I and others are awaiting your reply.

Posted

If you people can't find a procedure that has been going on since 2008, then you all need some help.. The problem

Here is we have a person here that can't face the fact that he was wrong. Hopefully you are not around myself or my loved ones....maybe someone should buy you a holster so you can wear that EZ io gun all day long...people like you are the reason why procedures like RSI are not available to educated paramedics...

Posted

And you have STILL not provided any evidence to back up your statements. You are now engaging in deflection and misdirection. This isn't about Dwayne and his actions at this point. This is about you and your inability to substantiate your claims.

Cite the evidence to back your claims or we'll pretty much have to dismiss any comments you've made thus far.

Posted

If you people can't find a procedure that has been going on since 2008, then you all need some help.. The problem

Here is we have a person here that can't face the fact that he was wrong. Hopefully you are not around myself or my loved ones....maybe someone should buy you a holster so you can wear that EZ io gun all day long...people like you are the reason why procedures like RSI are not available to educated paramedics...
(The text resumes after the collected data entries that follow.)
(* Let $\lambda_0,\dots,\lambda_n\in\mathbb{C}$ with $\lambda_0\neq\lambda_1$, $a\neq b$ real, and suppose $E_{(\lambda_0,\dots,\lambda_n)}$, $E_{(\lambda_0,\lambda_2,\dots,\lambda_n)}$, $E_{(\lambda_1,\dots,\lambda_n)}$ and $E_{(\lambda_2,\dots,\lambda_n)}$ are extended Chebyshev systems for $\{a,b\}$. Then for each $k=0,\dots,n-1$ there is a constant $C_k\neq0$ such that $$p_{(\lambda_0,\lambda_2,\dots,\lambda_n),k}-p_{(\lambda_1,\lambda_2,\dots,\lambda_n),k}=C_k\,p_{(\lambda_0,\lambda_1,\lambda_2,\dots,\lambda_n),k+1},$$ and $$\lim_{x\to b}\frac{p_{(\lambda_0,\lambda_2,\dots,\lambda_n),k}(x)}{p_{(\lambda_1,\dots,\lambda_n),k}(x)}\neq1.$$
   Context: $E_{(\mu_0,\dots,\mu_m)}$ denotes the space of all $f\in C^\infty(\mathbb{R},\mathbb{C})$ with $(\frac{d}{dx}-\mu_0)\cdots(\frac{d}{dx}-\mu_m)f=0$ (dimension $m+1$). A zero of order (exactly) $k$ at $a$ means $f(a)=\dots=f^{(k-1)}(a)=0$, $f^{(k)}(a)\neq0$. $E_{(\mu_0,\dots,\mu_m)}$ is an extended Chebyshev system for $A\subset\mathbb{R}$ if every nonzero element has at most $m$ zeros in $A$ counted with multiplicity. In that case, for $A=\{a,b\}$, $a\ne b$, the Bernstein basis $p_{(\mu_0,\dots,\mu_m),k}$, $k=0,\dots,m$, is the unique family in $E_{(\mu_0,\dots,\mu_m)}$ with $p_{(\mu_0,\dots,\mu_m),k}$ having a zero of order exactly $k$ at $a$ and exactly $m-k$ at $b$, and $p^{(k)}_{(\mu_0,\dots,\mu_m),k}(a)=1$. *)

theory Defs
  imports "HOL-Analysis.Analysis"
begin

fun nderiv :: "nat \<Rightarrow> (real \<Rightarrow> complex) \<Rightarrow> real \<Rightarrow> complex" where
  "nderiv 0 f = f"
| "nderiv (Suc k) f = (\<lambda>x. vector_derivative (nderiv k f) (at x))"

definition smooth :: "(real \<Rightarrow> complex) \<Rightarrow> bool" where
  "smooth f \<longleftrightarrow> (\<forall>k x. nderiv k f differentiable (at x))"

fun diffop :: "complex list \<Rightarrow> (real \<Rightarrow> complex) \<Rightarrow> real \<Rightarrow> complex" where
  "diffop [] f = f"
| "diffop (\<mu> # \<mu>s) f =
     (\<lambda>x. vector_derivative (diffop \<mu>s f) (at x) - \<mu> * diffop \<mu>s f x)"

definition Espace :: "complex list \<Rightarrow> (real \<Rightarrow> complex) set" where
  "Espace \<mu>s = {f. smooth f \<and> diffop \<mu>s f = (\<lambda>_. 0)}"

definition zero_of_order :: "(real \<Rightarrow> complex) \<Rightarrow> real \<Rightarrow> nat \<Rightarrow> bool" where
  "zero_of_order f a k \<longleftrightarrow> (\<forall>j<k. nderiv j f a = 0) \<and> nderiv k f a \<noteq> 0"

text \<open>f has at most m zeros in A counted with multiplicity: for every finite
  set S of points of A and every assignment of multiplicities k with f vanishing
  to order at least k(s) at s, the total multiplicity is at most m.\<close>
definition at_most_zeros :: "(real \<Rightarrow> complex) \<Rightarrow> real set \<Rightarrow> nat \<Rightarrow> bool" where
  "at_most_zeros f A m \<longleftrightarrow>
     (\<forall>S k. finite S \<longrightarrow> S \<subseteq> A \<longrightarrow> (\<forall>s\<in>S. \<forall>j<k s. nderiv j f s = 0)
        \<longrightarrow> (\<Sum>s\<in>S. k s) \<le> m)"

text \<open>Extended Chebyshev system; m + 1 = length of the list (dimension).\<close>
definition ECT :: "complex list \<Rightarrow> real set \<Rightarrow> bool" where
  "ECT \<mu>s A \<longleftrightarrow>
     (\<forall>f\<in>Espace \<mu>s. f \<noteq> (\<lambda>_. 0) \<longrightarrow> at_most_zeros f A (length \<mu>s - 1))"

definition bernstein :: "complex list \<Rightarrow> real \<Rightarrow> real \<Rightarrow> nat \<Rightarrow> real \<Rightarrow> complex" where
  "bernstein \<mu>s a b k = (THE p. p \<in> Espace \<mu>s \<and> zero_of_order p a k
      \<and> zero_of_order p b (length \<mu>s - 1 - k) \<and> nderiv k p a = 1)"

end

(*
  Write ls = (l2, ..., ln), N = length ls, and let p0, p1 be the k-th Bernstein functions of
  E(l0, ls) and E(l1, ls). Both spaces lie in E(l0, l1, ls), so d = p0 - p1 does too; d vanishes
  to order k + 1 at a (both k-th derivatives there are 1) and to order N - k at b. It is not
  zero: otherwise D - l0 and D - l1 would both annihilate (D - l2)...(D - ln) p0, so p0 would lie
  in E(ls), where its N zeros force p0 = 0. As k + 1 + (N - k) = N + 1 is the largest number of
  zeros the Chebyshev property allows in E(l0, l1, ls), both orders are exact. Normalising d at a
  therefore yields the Bernstein function of index k + 1, and by Taylor's theorem p0 / p1 tends
  at b to the quotient of the (N - k)-th derivatives at b, which differ because d has exact
  order N - k there.

  The Bernstein functions exist by counting dimensions: E(mus) contains length mus independent
  functions (invert D - mu by variation of constants), and the Chebyshev property makes the
  Hermite data at a and b injective, hence surjective, on their span.
*)

theory Submission
  imports Defs "Jordan_Normal_Form.Determinant"
begin

section \<open>Smooth functions and the operators D - \<mu>\<close>

lemma nderiv_Suc_inner: "nderiv (Suc k) f = nderiv k (\<lambda>x. vector_derivative f (at x))"
  by (induction k) auto

lemma nderiv_zero: "nderiv k (\<lambda>_. 0) = (\<lambda>_. 0)"
  by (induction k) auto

lemma smooth_vector_derivative: "smooth f \<Longrightarrow> smooth (\<lambda>x. vector_derivative f (at x))"
  unfolding smooth_def by (metis nderiv_Suc_inner)

lemma smooth_has_vector_derivative:
  "smooth f \<Longrightarrow> (nderiv k f has_vector_derivative nderiv (Suc k) f x) (at x)"
  unfolding smooth_def by (simp add: vector_derivative_works[symmetric])

lemma smooth_continuous_on: "smooth f \<Longrightarrow> continuous_on UNIV (nderiv k f)"
  by (meson continuous_on_vector_derivative smooth_has_vector_derivative has_vector_derivative_at_within)

lemma
  assumes "F 0 = f" and "\<And>k x. (F k has_vector_derivative F (Suc k) x) (at x)"
  shows nderiv_tower: "nderiv k f = F k"
    and smooth_tower: "smooth f"
proof -
  show nderiv_eq: "nderiv k f = F k" for k
  proof (induction k)
    case (Suc k)
    then show ?case by (simp add: vector_derivative_at[OF assms(2)])
  qed (simp add: assms(1))
  show "smooth f"
    unfolding smooth_def nderiv_eq using assms(2) differentiableI_vector by blast
qed

lemma
  assumes "smooth f" "smooth g"
  shows smooth_diff: "smooth (\<lambda>x. f x - g x)"
    and nderiv_diff: "nderiv k (\<lambda>x. f x - g x) = (\<lambda>x. nderiv k f x - nderiv k g x)"
proof -
  let ?F = "\<lambda>k x. nderiv k f x - nderiv k g x"
  have F: "(?F k has_vector_derivative ?F (Suc k) x) (at x)" for k x
    by (intro has_vector_derivative_diff smooth_has_vector_derivative assms)
  show "smooth (\<lambda>x. f x - g x)"
    by (rule smooth_tower[where F = ?F, OF _ F]) simp
  show "nderiv k (\<lambda>x. f x - g x) = ?F k"
    by (rule nderiv_tower[where F = ?F, OF _ F]) simp
qed

lemma
  assumes "smooth f"
  shows smooth_cmult: "smooth (\<lambda>x. c * f x)"
    and nderiv_cmult: "nderiv k (\<lambda>x. c * f x) = (\<lambda>x. c * nderiv k f x)"
proof -
  let ?F = "\<lambda>k x. c * nderiv k f x"
  have F: "(?F k has_vector_derivative ?F (Suc k) x) (at x)" for k x
    by (intro has_vector_derivative_mult_right smooth_has_vector_derivative assms)
  show "smooth (\<lambda>x. c * f x)"
    by (rule smooth_tower[where F = ?F, OF _ F]) simp
  show "nderiv k (\<lambda>x. c * f x) = ?F k"
    by (rule nderiv_tower[where F = ?F, OF _ F]) simp
qed

lemma
  assumes "\<forall>i\<in>I. smooth (f i)"
  shows smooth_sum: "smooth (\<lambda>x. \<Sum>i\<in>I. c i * f i x)"
    and nderiv_sum: "nderiv k (\<lambda>x. \<Sum>i\<in>I. c i * f i x) = (\<lambda>x. \<Sum>i\<in>I. c i * nderiv k (f i) x)"
proof -
  let ?F = "\<lambda>k x. \<Sum>i\<in>I. c i * nderiv k (f i) x"
  have F: "(?F k has_vector_derivative ?F (Suc k) x) (at x)" for k x
    using assms by (intro has_vector_derivative_sum has_vector_derivative_mult_right
        smooth_has_vector_derivative) blast
  show "smooth (\<lambda>x. \<Sum>i\<in>I. c i * f i x)"
    by (rule smooth_tower[where F = ?F, OF _ F]) simp
  show "nderiv k (\<lambda>x. \<Sum>i\<in>I. c i * f i x) = ?F k"
    by (rule nderiv_tower[where F = ?F, OF _ F]) simp
qed

lemma diffop_append: "diffop (\<mu>s @ \<nu>s) f = diffop \<mu>s (diffop \<nu>s f)"
  by (induction \<mu>s) auto

lemma diffop_zero: "diffop \<mu>s (\<lambda>_. 0) = (\<lambda>_. 0)"
  by (induction \<mu>s) auto

lemma smooth_diffop: "smooth f \<Longrightarrow> smooth (diffop \<mu>s f)"
  by (induction \<mu>s) (auto intro: smooth_diff smooth_vector_derivative smooth_cmult)

lemma diffop_diff:
  assumes "smooth f" "smooth g"
  shows "diffop \<mu>s (\<lambda>x. f x - g x) = (\<lambda>x. diffop \<mu>s f x - diffop \<mu>s g x)"
proof (induction \<mu>s)
  case (Cons \<mu> \<mu>s)
  from nderiv_diff[OF smooth_diffop[OF assms(1), of \<mu>s] smooth_diffop[OF assms(2), of \<mu>s], of 1]
  show ?case by (simp add: Cons fun_eq_iff algebra_simps)
qed simp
Yeah, now you're showing your true colors. I was hoping that you weren't going to prove to be a troll. Shame on me. You haven't made a sound argument that I was wrong, though you have been shown to be so on nearly every acct. No one besides you has posited that I was terribly wrong, though perhaps some others would have made different, likely better decisions. You need to produce to be taken seriously here my friend. At this time you're simply the kid at the back of the room making fart sounds hoping someone will think he's cool.
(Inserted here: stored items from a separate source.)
text \<open>Restricting \<open>a\<close> to a smaller idempotent only restricts its twisting factor: the witnesses
  for \<open>b\<close> are the restrictions \<open>g' s\<close> and \<open>g' t\<close> of those for \<open>a\<close>.\<close>
lemma wfactor_restrict:
  assumes x: "x \<in> carrier GG" and y: "y \<in> carrier GG"
    and a: "a \<in> D x \<inter> D (x \<otimes> y)" and b: "b \<in> D x \<inter> D (x \<otimes> y)" and le: "eS b \<cdot> eS a = eS b"
  shows "W x y b = \<alpha> (eS b) \<odot> W x y a"
proof -
  have xy: "x \<otimes> y \<in> carrier GG" using S.G.m_closed[OF x y] .
  obtain s t where st: "s \<in> x" "t \<in> x \<otimes> y" "eS a = s \<cdot> si s" "eS a = t \<cdot> si t" "W x y a = f s (si s \<cdot> t)"
    using wfactor_witness[OF x y a] .
  obtain s' t' where st': "s' \<in> x" "t' \<in> x \<otimes> y" "eS b = s' \<cdot> si s'" "eS b = t' \<cdot> si t'"
    "W x y b = f s' (si s' \<cdot> t')"
    using wfactor_witness[OF x y b] .
  define g where "g = eS a"
  define g' where "g' = eS b"
  have gE: "g \<in> ES" and g'E: "g' \<in> ES" unfolding g_def g'_def by simp_all
  have hs: "s \<cdot> si s = g" "s \<cdot> (si s \<cdot> z) = g \<cdot> z" for z unfolding g_def st(3) by simp_all
  have ht: "t \<cdot> si t = g" "t \<cdot> (si t \<cdot> z) = g \<cdot> z" for z unfolding g_def st(4) by simp_all
  have gg: "g \<cdot> g = g" "g \<cdot> (g \<cdot> z) = g \<cdot> z" for z
    using S.idem_iff[THEN iffD1, OF gE] S.idem_absorb[OF gE] by simp_all
  have g'g': "g' \<cdot> g' = g'" "g' \<cdot> (g' \<cdot> z) = g' \<cdot> z" for z
    using S.idem_iff[THEN iffD1, OF g'E] S.idem_absorb[OF g'E] by simp_all
  have c1: "g' \<cdot> g = g'" "g' \<cdot> (g \<cdot> z) = g' \<cdot> z" for z
    using le S.assoc_subst[OF le] unfolding g_def g'_def by simp_all
  have c2: "g \<cdot> g' = g'" "g \<cdot> (g' \<cdot> z) = g' \<cdot> z" for z
    using c1(1) S.idem_comm[OF gE g'E] S.assoc_subst[of g g' g'] by simp_all
  note R = hs ht gg g'g' c1 c2 S.iv_idem[OF g'E] S.iv_mult
  have s': "s' = g' \<cdot> s"
    by (rule S.class_eq_restrict[OF x st(1) st'(1) g'E]) (simp add: hs c1, simp add: st'(3) g'_def)
  have t': "t' = g' \<cdot> t"
    by (rule S.class_eq_restrict[OF xy st(2) st'(2) g'E]) (simp add: ht c1, simp add: st'(4) g'_def)
  define e where "e = si t \<cdot> g' \<cdot> t"
  have eE: "e \<in> ES" unfolding e_def using S.conj_idem[OF g'E, of "si t"] by simp
  have "si s' \<cdot> t' = si s \<cdot> t \<cdot> e" unfolding s' t' e_def by (simp add: R)
  then have "W x y b = f (g' \<cdot> s) (si s \<cdot> t \<cdot> e)" using st'(5) s' by simp
  also have "\<dots> = \<alpha> g' \<odot> f s (si s \<cdot> t \<cdot> e)"
    by (rule f_idem_mult_left[OF g'E])
  also have "\<dots> = \<alpha> g' \<odot> (\<alpha> (s \<cdot> (si s \<cdot> t) \<cdot> e \<cdot> si (si s \<cdot> t) \<cdot> si s) \<odot> f s (si s \<cdot> t))"
    by (simp only: f_mult_idem_right[OF eE, of s "si s \<cdot> t"])
  also have "s \<cdot> (si s \<cdot> t) \<cdot> e \<cdot> si (si s \<cdot> t) \<cdot> si s = g'" unfolding e_def by (simp add: R)
  finally show ?thesis using g'E st(5) by (simp add: g'_def)
qed

lemma compatible_units_wfactor:
  assumes x: "x \<in> carrier GG" and y: "y \<in> carrier GG"
  shows "A.compatible_units (D x \<inter> D (x \<otimes> y)) (W x y)"
  unfolding A.compatible_units_def
proof (intro conjI ballI impI)
  fix a b assume a: "a \<in> D x \<inter> D (x \<otimes> y)" and b: "b \<in> D x \<inter> D (x \<otimes> y)"
    and le: "eps b \<odot> eps a = eps b"
  have "\<alpha> (eS b \<cdot> eS a) = \<alpha> (eS b)" using le by (simp add: alpha_mult)
  then have "eS b \<cdot> eS a = eS b" using alpha_inj S.idem_mult_closed eS_in_idems by blast
  then show "W x y b = eps b \<odot> W x y a" using wfactor_restrict[OF x y a b] by simp
qed (rule eps_wfactor[OF x y])

lemma D_inter_ideal: "x \<in> carrier GG \<Longrightarrow> y \<in> carrier GG \<Longrightarrow> a \<in> D x \<inter> D y \<Longrightarrow>
    a \<odot> b \<in> D x \<inter> D y \<and> b \<odot> a \<in> D x \<inter> D y"
  using D_ideal by blast

lemma unit_multiplier_w:
  assumes x: "x \<in> carrier GG" and y: "y \<in> carrier GG"
  shows "unit_multiplier mA (setmul mA (D x) (D (x \<otimes> y))) (w x y)"
  unfolding setmul_D[OF x S.G.m_closed[OF x y]] wmap_def
  by (rule A.unit_multiplier_compatible_units[OF D_inter_ideal compatible_units_wfactor])
    (use x y S.G.m_closed in auto)

lemma mltp_inv_w:
  assumes x: "x \<in> carrier GG" and y: "y \<in> carrier GG" and c: "c \<in> D x \<inter> D (x \<otimes> y)"
  shows "snd (mltp_inv mA (setmul mA (D x) (D (x \<otimes> y))) (w x y)) c = c \<odot> ai (W x y c)"
  unfolding setmul_D[OF x S.G.m_closed[OF x y]] wmap_def
  by (rule A.mltp_inv_compatible_units[OF D_inter_ideal compatible_units_wfactor c])
    (use x y S.G.m_closed in auto)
Just because you believe that starting an I/O is a big deal doesn't make it a big deal Hot Shot. A gazillion are started and removed every day. I can't wait for your argument against EJs. And for the record? Each place that I've worked with the exception of my current location has had RSI. Perhaps there's a reason that YOU don't have access to it.

You were caught talking out of your ass and now you're going to cry instead of step up to the plate. This is the exact reason you will likely always be a protocol money instead of a thinking clinical provider. I hope for better for you. But as long as you pout instead of debate, as long as you cry each time someone doesn't cave into one of your arguments, you will never grow.

Stop telling stories to those that think your brilliant brother. Step away from the basics and start debating with the medics that have been somewhere and done something...come back and play. It would be good for you. And I have a feeling when you're not bent that you have a lot to offer.